Paul shared her daughter’s experience in the comments on the Mustang Parents page.
“Another lady posted they [the turkeys] were actually pecking her daughter. That’s so scary,” Paul said. “I just feel like someone should definitely do something about it,” Paul said.
Anne Garcia, another Cal Poly parent, echoed this thought on a different Facebook post.
“I’m just curious why there isn’t more effort to relocate them to avoid students being hurt or chased if it has been an ongoing problem for years?” Garcia wrote.
When asked whether University Housing has received any complaints or plans to do anything about the turkeys, University Housing declined to comment.

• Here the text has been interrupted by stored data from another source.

(* Let $f:\mathbb{R}^d\to\mathbb{R}$ be convex and differentiable, let $h:\mathbb{R}^d\to\mathbb{R}\cup\{+\infty\}$ be proper, closed and convex, let $x\in\mathbb{R}^d$, $\lambda>0$, write $G=G^{f}_{\lambda h}(x)$ and $x^+=x-\lambda G$. If $$f(x-2\lambda G)\le f(x-\lambda G)-\lambda\langle G,\nabla f(x)\rangle+\tfrac{\lambda}{2}\|G\|^2,$$ then $$\Big\langle x^+-x,\;\nabla f(x^+)-\nabla f(x)+\tfrac12 G\Big\rangle\le 0 .$$
   Context: $\mathbb{R}^d$ carries the standard inner product $\langle\cdot,\cdot\rangle$ and Euclidean norm $\|\cdot\|$. For $\lambda>0$ the proximal operator is $\mathrm{prox}_{\lambda h}(w)=\arg\min_{u\in\mathbb{R}^d}\big\{\lambda h(u)+\tfrac12\|u-w\|^2\big\}$. The gradient mapping is $G^{f}_{\lambda h}(x)=\frac{1}{\lambda}\Big(x-\mathrm{prox}_{\lambda h}\big(x-\lambda\nabla f(x)\big)\Big)$. *)

theory Defs
  imports "HOL-Analysis.Analysis" "HOL-Library.Extended_Real"
begin

definition ext_epigraph :: "('a \<Rightarrow> ereal) \<Rightarrow> ('a \<times> real) set" where
  "ext_epigraph h = {(x, t). h x \<le> ereal t}"

definition proper_fun :: "('a \<Rightarrow> ereal) \<Rightarrow> bool" where
  "proper_fun h \<longleftrightarrow> (\<forall>x. h x \<noteq> -\<infinity>) \<and> (\<exists>x. h x \<noteq> \<infinity>)"

definition closed_fun :: "('a::topological_space \<Rightarrow> ereal) \<Rightarrow> bool" where
  "closed_fun h \<longleftrightarrow> closed (ext_epigraph h)"

definition convex_fun :: "('a::real_vector \<Rightarrow> ereal) \<Rightarrow> bool" where
  "convex_fun h \<longleftrightarrow> convex (ext_epigraph h)"

definition prox :: "real \<Rightarrow> ('a::real_normed_vector \<Rightarrow> ereal) \<Rightarrow> 'a \<Rightarrow> 'a" where
  "prox lam h w = (SOME u. \<forall>v. ereal lam * h u + ereal ((norm (u - w))\<^sup>2 / 2)
                              \<le> ereal lam * h v + ereal ((norm (v - w))\<^sup>2 / 2))"

text \<open>Gradient mapping, with the gradient of f supplied as the function gf.\<close>
definition grad_map :: "('a \<Rightarrow> 'a) \<Rightarrow> real \<Rightarrow> ('a::real_normed_vector \<Rightarrow> ereal) \<Rightarrow> 'a \<Rightarrow> 'a" where
  "grad_map gf lam h x = (1 / lam) *\<^sub>R (x - prox lam h (x - lam *\<^sub>R gf x))"

end

theory Submission
  imports Defs
begin

text \<open>Only the convexity of \<open>f\<close> matters: the conclusion holds with \<open>G\<close> replaced by an arbitrary
vector. Put \<open>x\<^sup>+ = x - \<lambda>G\<close>. The gradient inequality at \<open>x\<^sup>+\<close> gives
\<open>f(x - 2\<lambda>G) \<ge> f(x\<^sup>+) - \<lambda>\<langle>G, \<nabla>f(x\<^sup>+)\<rangle>\<close>; combined with the hypothesis this yields
\<open>\<lambda>\<langle>G, \<nabla>f(x) - \<nabla>f(x\<^sup>+)\<rangle> \<le> \<lambda>/2 \<parallel>G\<parallel>\<^sup>2\<close>, which is the claim since \<open>x\<^sup>+ - x = -\<lambda>G\<close>.\<close>

lemma convex_on_line:
  fixes f :: "'a::real_vector \<Rightarrow> real" and c v :: 'a
  assumes "convex_on UNIV f"
  shows "convex_on UNIV (\<lambda>t::real. f (c + t *\<^sub>R v))"
proof (rule convex_onI)
  fix t s u :: real
  assume "0 < t" "t < 1"
  have "c + ((1 - t) * s + t * u) *\<^sub>R v = (1 - t) *\<^sub>R (c + s *\<^sub>R v) + t *\<^sub>R (c + u *\<^sub>R v)"
    by (simp add: algebra_simps flip: scaleR_add_left)
  then show "f (c + ((1 - t) *\<^sub>R s + t *\<^sub>R u) *\<^sub>R v)
             \<le> (1 - t) * f (c + s *\<^sub>R v) + t * f (c + u *\<^sub>R v)"
    using convex_onD[OF assms, of t "c + s *\<^sub>R v" "c + u *\<^sub>R v"] \<open>0 < t\<close> \<open>t < 1\<close> by simp
qed simp

lemma convex_on_gradient_inequality:
  fixes f :: "'a::real_inner \<Rightarrow> real"
  assumes convex: "convex_on UNIV f" and grad: "GDERIV f c :> g"
  shows "f c + inner g (y - c) \<le> f y"
proof -
  define \<phi> where "\<phi> = (\<lambda>t::real. f (c + t *\<^sub>R (y - c)))"
  have "((\<lambda>t::real. c + t *\<^sub>R (y - c)) has_derivative (\<lambda>t. t *\<^sub>R (y - c))) (at 0)"
    by (auto intro!: derivative_eq_intros)
  moreover have "(f has_derivative (\<lambda>h. inner h g)) (at (c + 0 *\<^sub>R (y - c)))"
    using grad by (simp add: gderiv_def)
  ultimately have "(\<phi> has_derivative (\<lambda>t. inner g (y - c) * t)) (at 0)"
    unfolding \<phi>_def by (rule has_derivative_compose[THEN has_derivative_eq_rhs]) (auto simp: inner_commute)
  then have "(\<phi> has_field_derivative inner g (y - c)) (at 0)"
    by (simp add: has_field_derivative_def)
  then have "inner g (y - c) * (1 - 0) \<le> \<phi> 1 - \<phi> 0"
    by (intro convex_on_imp_above_tangent[OF convex_on_line[OF convex, of c "y - c", folded \<phi>_def]]) auto
  then show ?thesis
    by (simp add: \<phi>_def)
qed

lemma descent_condition_imp_inner_nonpos:
  fixes f :: "'a::real_inner \<Rightarrow> real" and gf :: "'a \<Rightarrow> 'a"
  assumes convex: "convex_on UNIV f" and grad: "GDERIV f (x - lam *\<^sub>R G) :> gf (x - lam *\<^sub>R G)"
    and descent: "f (x - (2 * lam) *\<^sub>R G)
                  \<le> f (x - lam *\<^sub>R G) - lam * inner G (gf x) + lam / 2 * (norm G)\<^sup>2"
  shows "inner ((x - lam *\<^sub>R G) - x) (gf (x - lam *\<^sub>R G) - gf x + (1/2) *\<^sub>R G) \<le> 0"
proof -
  define xp where "xp = x - lam *\<^sub>R G"
  have "x - (2 * lam) *\<^sub>R G - xp = - lam *\<^sub>R G"
    by (simp add: xp_def algebra_simps flip: scaleR_add_left)
  then have tangent: "f xp - lam * inner (gf xp) G \<le> f (x - (2 * lam) *\<^sub>R G)"
    using convex_on_gradient_inequality[OF convex grad, of "x - (2 * lam) *\<^sub>R G"]
    by (simp add: xp_def)
  have "inner (xp - x) (gf xp - gf x + (1/2) *\<^sub>R G)
        = lam * inner G (gf x) - lam * inner (gf xp) G - lam / 2 * (norm G)\<^sup>2"
    by (simp add: xp_def inner_diff_right inner_add_right power2_norm_eq_inner
        inner_commute algebra_simps)
  also have "\<dots> \<le> 0"
    using tangent descent by (simp add: xp_def)
  finally show ?thesis
    by (simp add: xp_def)
qed

theorem lemma2p1:
  fixes f :: "'a::euclidean_space \<Rightarrow> real" and gf :: "'a \<Rightarrow> 'a"
    and h :: "'a \<Rightarrow> ereal" and x :: 'a and lam :: real
  assumes f_convex: "convex_on UNIV f"
    and f_grad: "\<And>y. GDERIV f y :> gf y"
    and h_proper: "proper_fun h" and h_closed: "closed_fun h" and h_convex: "convex_fun h"
    and lam_pos: "lam > 0"
    and cond: "f (x - (2 * lam) *\<^sub>R grad_map gf lam h x)
               \<le> f (x - lam *\<^sub>R grad_map gf lam h x) - lam * inner (grad_map gf lam h x) (gf x)
                 + lam / 2 * (norm (grad_map gf lam h x))\<^sup>2"
  shows "inner ((x - lam *\<^sub>R grad_map gf lam h x) - x)
           (gf (x - lam *\<^sub>R grad_map gf lam h x) - gf x + (1/2) *\<^sub>R grad_map gf lam h x) \<le> 0"
  using descent_condition_imp_inner_nonpos[OF f_convex f_grad cond] .

end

Another post on the Cal Poly SLO Class of 2019 page told of four other students chased down by the birds.
“It was traumatizing,” environmental management and protection senior Scott Shaffer wrote.
Shaffer lives off campus near the Yosemite and Sierra Madre dorms. Although he often sees the turkeys in his neighborhood, one recent morning the birds turned hostile.

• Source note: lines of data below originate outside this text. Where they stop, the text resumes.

lemma nn_integral_exp_neg_Delta:
  assumes "0 \<le> c"
  shows "(\<integral>\<^sup>+ m. ennreal (exp (- Delta m)) * ennreal (Delta' m) * indicator {c..} m \<partial>lborel)
    = ennreal (exp (- Delta c))"
proof -
  let ?h = "\<lambda>t. ennreal (exp (- t)) * indicator {Delta c..} t"
  have "ennreal (exp (- Delta m)) * ennreal (Delta' m) * indicator {c..} m = ?h (Delta m) * ennreal (Delta' m)" for m
    using Delta_le_iff[of c m] assms Delta'_eq_0[of m]
    by (cases "0 < m") (auto simp: mult_ac split: split_indicator)
  then have "(\<integral>\<^sup>+ m. ennreal (exp (- Delta m)) * ennreal (Delta' m) * indicator {c..} m \<partial>lborel)
      = (\<integral>\<^sup>+ m. ?h (Delta m) * ennreal (Delta' m) \<partial>lborel)"
    by (intro nn_integral_cong) blast
  also have "\<dots> = (\<integral>\<^sup>+ t. ?h t * indicator {0..} t \<partial>lborel)"
    by (rule nn_integral_Delta_substitution) measurable
  also have "\<dots> = (\<integral>\<^sup>+ t. ennreal (exp (- t)) * indicator {Delta c..} t \<partial>lborel)"
    using Delta_nonneg[of c] by (intro nn_integral_cong) (auto split: split_indicator)
  also have "\<dots> = ennreal (exp (- Delta c))"
    by (rule nn_integral_exp_neg_Ici)
  finally show ?thesis .
qed

end

section \<open>The tail averages \<open>\<Sigma>\<close>\<close>

lemma set_integrable_Icc_bound:
  fixes k h :: "real \<Rightarrow> real"
  assumes h: "set_integrable lborel {0..l} h" and k: "(\<lambda>m. k (max m 0)) \<in> borel_measurable borel"
    and bound: "\<And>m. 0 < m \<Longrightarrow> m \<le> l \<Longrightarrow> \<bar>k m\<bar> \<le> h m"
  shows "set_integrable lborel {0..l} k"
proof (rule set_integrable_bound[OF h])
  have "(\<lambda>m. indicator {0..l} m *\<^sub>R k m) = (\<lambda>m. indicator {0..l} m *\<^sub>R k (max m 0))"
    by (auto split: split_indicator)
  then show "set_borel_measurable lborel {0..l} k"
    using k by (simp add: set_borel_measurable_def)
  show "AE m in lborel. m \<in> {0..l} \<longrightarrow> norm (k m) \<le> norm (h m)"
    using AE_lborel_singleton[of 0]
  proof eventually_elim
    case (elim m)
    show ?case
    proof
      assume "m \<in> {0..l}"
      then have "\<bar>k m\<bar> \<le> h m"
        using elim by (intro bound) auto
      then show "norm (k m) \<le> norm (h m)"
        by simp
    qed
  qed
qed

locale tail_setting = phi_pair_unbounded +
  fixes F :: "real \<Rightarrow> real" and \<nu> :: "real measure"
  assumes convex_F: "convex_on {0..} F" and mono_F: "mono_on {0..} F"
    and prob_space_\<nu>: "prob_space \<nu>" and sets_\<nu>: "sets \<nu> = sets borel"
    and tail_\<nu>: "\<And>l. 0 \<le> l \<Longrightarrow> measure \<nu> {l..} = exp (- Delta l)"
    and set_integrable_rderiv_F: "set_integrable \<nu> {0..} (rderiv F)"
begin

definition Sigma :: "real \<Rightarrow> real" where
  "Sigma l = (\<integral>m\<in>{l..}. rderiv F m \<partial>\<nu>) / measure \<nu> {l..}"

definition excess :: "real \<Rightarrow> real" where
  "excess l = Sigma l - rderiv F l"

definition \<nu>_density :: "real \<Rightarrow> real" where
  "\<nu>_density m = exp (- Delta m) * Delta' m"

lemma rderiv_F_nonneg: "0 \<le> l \<Longrightarrow> 0 \<le> rderiv F l"
  by (rule rderiv_nonneg[OF convex_F mono_F])

text \<open>\<open>rderiv F\<close> is unconstrained on \<open>(-\<infinity>, 0)\<close>, so measurability is only claimed after
  composing with \<open>max _ 0\<close>.\<close>

lemma borel_measurable_rderiv_F_max_0[measurable]: "(\<lambda>x. rderiv F (max x 0)) \<in> borel_measurable borel"
  by (rule borel_measurable_mono_on_max_0[OF mono_on_rderiv[OF convex_F mono_F]])

lemma set_integrable_rderiv_F_atLeast: "0 \<le> l \<Longrightarrow> set_integrable \<nu> {l..} (rderiv F)"
  by (rule set_integrable_subset[OF set_integrable_rderiv_F]) (auto simp: sets_\<nu>)

lemma measure_\<nu>_pos: "0 \<le> l \<Longrightarrow> 0 < measure \<nu> {l..}"
  by (simp add: tail_\<nu>)

lemma rderiv_F_le_Sigma:
  assumes l: "0 \<le> l"
  shows "rderiv F l \<le> Sigma l"
proof -
  interpret prob_space \<nu> by (rule prob_space_\<nu>)
  have "set_integrable \<nu> {l..} (\<lambda>_. rderiv F l)"
    unfolding set_integrable_def
    by (intro integrable_scaleR_left integrable_real_indicator) (simp_all add: sets_\<nu> less_top[symmetric])
  then have "(\<integral>m\<in>{l..}. rderiv F l \<partial>\<nu>) \<le> (\<integral>m\<in>{l..}. rderiv F m \<partial>\<nu>)"
    using l mono_on_rderiv[OF convex_F mono_F]
    by (intro set_integral_mono set_integrable_rderiv_F_atLeast) (auto simp: mono_on_def)
  then have "rderiv F l * measure \<nu> {l..} \<le> (\<integral>m\<in>{l..}. rderiv F m \<partial>\<nu>)"
    by (simp add: set_integral_const sets_\<nu> mult.commute)
  then show ?thesis
    using measure_\<nu>_pos[OF l] by (simp add: Sigma_def field_simps)
qed

lemma Sigma_0_nonneg: "0 \<le> Sigma 0"
  using rderiv_F_le_Sigma[of 0] rderiv_F_nonneg[of 0] by simp

lemma Sigma_le:
  assumes l: "0 \<le> l"
  shows "Sigma l \<le> Sigma 0 * exp (Delta l)"
proof -
  have "(\<integral>m\<in>{l..}. rderiv F m \<partial>\<nu>) = (\<integral>m\<in>{0..}. indicator {l..} m * rderiv F m \<partial>\<nu>)"
    using l by (auto simp: set_lebesgue_integral_def intro!: Bochner_Integration.integral_cong split: split_indicator)
  also have "\<dots> \<le> (\<integral>m\<in>{0..}. rderiv F m \<partial>\<nu>)"
  proof (rule set_integral_mono)
    have "(\<lambda>m. indicator {0..} m *\<^sub>R (indicator {l..} m * rderiv F m)) = (\<lambda>m. indicator {l..} m *\<^sub>R rderiv F m)"
      using l by (auto split: split_indicator)
    then show "set_integrable \<nu> {0..} (\<lambda>m. indicator {l..} m * rderiv F m)"
      using set_integrable_rderiv_F_atLeast[OF l] by (simp add: set_integrable_def)
  qed (use set_integrable_rderiv_F rderiv_F_nonneg in \<open>auto split: split_indicator\<close>)
  finally show ?thesis
    using l by (simp add: Sigma_def tail_\<nu> Delta_eq_0 exp_minus field_simps)
qed

lemma \<nu>_density_nonneg: "0 \<le> \<nu>_density m"
  by (simp add: \<nu>_density_def Delta'_nonneg)

lemma \<nu>_density_eq_0: "m \<le> 0 \<Longrightarrow> \<nu>_density m = 0"
  by (simp add: \<nu>_density_def Delta'_eq_0)

lemma borel_measurable_\<nu>_density[measurable]: "\<nu>_density \<in> borel_measurable borel"
  unfolding \<nu>_density_def[abs_def] by measurable

lemma exp_Delta_\<nu>_density: "exp (Delta m) * \<nu>_density m = Delta' m"
  by (simp add: \<nu>_density_def exp_minus field_simps)

lemma \<nu>_eq_density: "\<nu> = density lborel \<nu>_density"
proof (rule measure_eqI_atLeast)
  interpret prob_space \<nu> by (rule prob_space_\<nu>)
  show "sets \<nu> = sets borel" "sets (density lborel \<nu>_density) = sets borel"
    by (simp_all add: sets_\<nu>)
  show "emeasure \<nu> {x..} < \<infinity>" for x
    by (simp add: less_top[symmetric])
  fix x :: real
  have "emeasure (density lborel \<nu>_density) {x..}
      = (\<integral>\<^sup>+ m. ennreal (exp (- Delta m)) * ennreal (Delta' m) * indicator {max x 0..} m \<partial>lborel)"
    using Delta'_eq_0 by (subst emeasure_density)
      (auto intro!: nn_integral_cong simp: \<nu>_density_def ennreal_mult Delta'_nonneg split: split_indicator)
  also have "\<dots> = ennreal (exp (- Delta (max x 0)))"
    by (rule nn_integral_exp_neg_Delta) simp
  also have "\<dots> = emeasure \<nu> {x..}"
  proof (cases "0 \<le> x")
    case False
    have "emeasure \<nu> {0..} \<le> emeasure \<nu> {x..}"
      using False by (intro emeasure_mono) (auto simp: sets_\<nu>)
    moreover have "emeasure \<nu> {0..} = 1"
      using tail_\<nu>[of 0] Delta_eq_0[of 0] by (simp add: emeasure_eq_measure)
    ultimately have "emeasure \<nu> {x..} = 1"
      using emeasure_le_1[of "{x..}"] by (metis antisym)
    then show ?thesis
      using False Delta_eq_0[of 0] by simp
  qed (simp add: tail_\<nu> emeasure_eq_measure)
  finally show "emeasure \<nu> {x..} = emeasure (density lborel \<nu>_density) {x..}"
    by simp
qed

lemma \<nu>_density_rderiv_F: "\<nu>_density u * rderiv F u = \<nu>_density u * rderiv F (max u 0)"
  by (cases "0 \<le> u") (simp_all add: \<nu>_density_eq_0)

lemma borel_measurable_\<nu>_density_rderiv_F[measurable]:
  "(\<lambda>u. \<nu>_density u * rderiv F u) \<in> borel_measurable borel"
  unfolding \<nu>_density_rderiv_F by measurable

lemma set_integral_\<nu>:
  assumes l: "0 \<le> l"
  shows "set_integrable lborel {l..} (\<lambda>u. \<nu>_density u * rderiv F u)"
    and "(\<integral>m\<in>{l..}. rderiv F m \<partial>\<nu>) = (LINT u:{l..}|lborel. \<nu>_density u * rderiv F u)"
proof -
  let ?f = "\<lambda>u. indicator {l..} u *\<^sub>R rderiv F (max u 0)"
  have eq: "(\<lambda>u. indicator {l..} u *\<^sub>R rderiv F u) = ?f"
    using l by (auto split: split_indicator)
  have density_eq: "(\<lambda>u. \<nu>_density u *\<^sub>R ?f u) = (\<lambda>u. indicator {l..} u *\<^sub>R (\<nu>_density u * rderiv F u))"
    using l by (intro ext) (auto simp: max_def \<nu>_density_eq_0 split: split_indicator)
  have "integrable (density lborel \<nu>_density) ?f"
    using set_integrable_rderiv_F_atLeast[OF l] unfolding set_integrable_def eq \<nu>_eq_density .
  then have "integrable lborel (\<lambda>u. \<nu>_density u *\<^sub>R ?f u)"
    by (subst (asm) integrable_density) (simp_all add: \<nu>_density_nonneg)
  then show "set_integrable lborel {l..} (\<lambda>u. \<nu>_density u * rderiv F u)"
    unfolding set_integrable_def density_eq .
  have "(\<integral>m\<in>{l..}. rderiv F m \<partial>\<nu>) = integral\<^sup>L (density lborel \<nu>_density) ?f"
    unfolding set_lebesgue_integral_def eq \<nu>_eq_density ..
  also have "\<dots> = integral\<^sup>L lborel (\<lambda>u. \<nu>_density u *\<^sub>R ?f u)"
    using \<nu>_density_nonneg by (intro integral_density) auto
  finally show "(\<integral>m\<in>{l..}. rderiv F m \<partial>\<nu>) = (LINT u:{l..}|lborel. \<nu>_density u * rderiv F u)"
    unfolding density_eq set_lebesgue_integral_def .
qed

lemma Sigma_eq:
  assumes "0 \<le> l"
  shows "Sigma l = exp (Delta l) * (LINT u:{l..}|lborel. \<nu>_density u * rderiv F u)"
  using assms by (simp add: Sigma_def set_integral_\<nu> tail_\<nu> exp_minus field_simps)

lemma nn_integral_tail:
  assumes l: "0 \<le> l"
  shows "(\<integral>\<^sup>+ u. ennreal (if l \<le> u then \<nu>_density u * rderiv F u else 0) \<partial>lborel)
    = ennreal (exp (- Delta l) * Sigma l)"
proof -
  have "(\<integral>\<^sup>+ u. ennreal (if l \<le> u then \<nu>_density u * rderiv F u else 0) \<partial>lborel)
      = ennreal (LINT u:{l..}|lborel. \<nu>_density u * rderiv F u)"
    using set_integral_\<nu>(1)[OF l] l \<nu>_density_nonneg rderiv_F_nonneg
    unfolding set_lebesgue_integral_def set_integrable_def
    by (subst nn_integral_eq_integral[symmetric])
      (auto intro!: nn_integral_cong mult_nonneg_nonneg split: split_indicator)
  also have "\<dots> = ennreal (exp (- Delta l) * Sigma l)"
    using Sigma_eq[OF l] by (simp add: exp_minus field_simps)
  finally show ?thesis .
qed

“As I started to walk toward the car, three of them ran at me,” Shaffer said.
Shaffer said he dashed back inside his house and shut the door to hide from the “insanely big” animals. The turkeys followed him there and pecked at the screen door.
When Shaffer finally made it to his car, the turkeys were close behind him.
“They were in front of my car and wouldn’t let me leave,” he said. “They started stabbing their faces at my tires and pecking at my window.”
While confrontations with on-campus turkeys is nothing new to Cal Poly, the birds’ level of aggression has caused an unusual amount of attention on social media this year.
“I was very surprised,” Shaffer said. “They seemed mad for some reason.”
Robert J. Spiller, a professor and poultry specialist for the animal science department, said the bird’s hormonal system peaks this time of year as the days get longer.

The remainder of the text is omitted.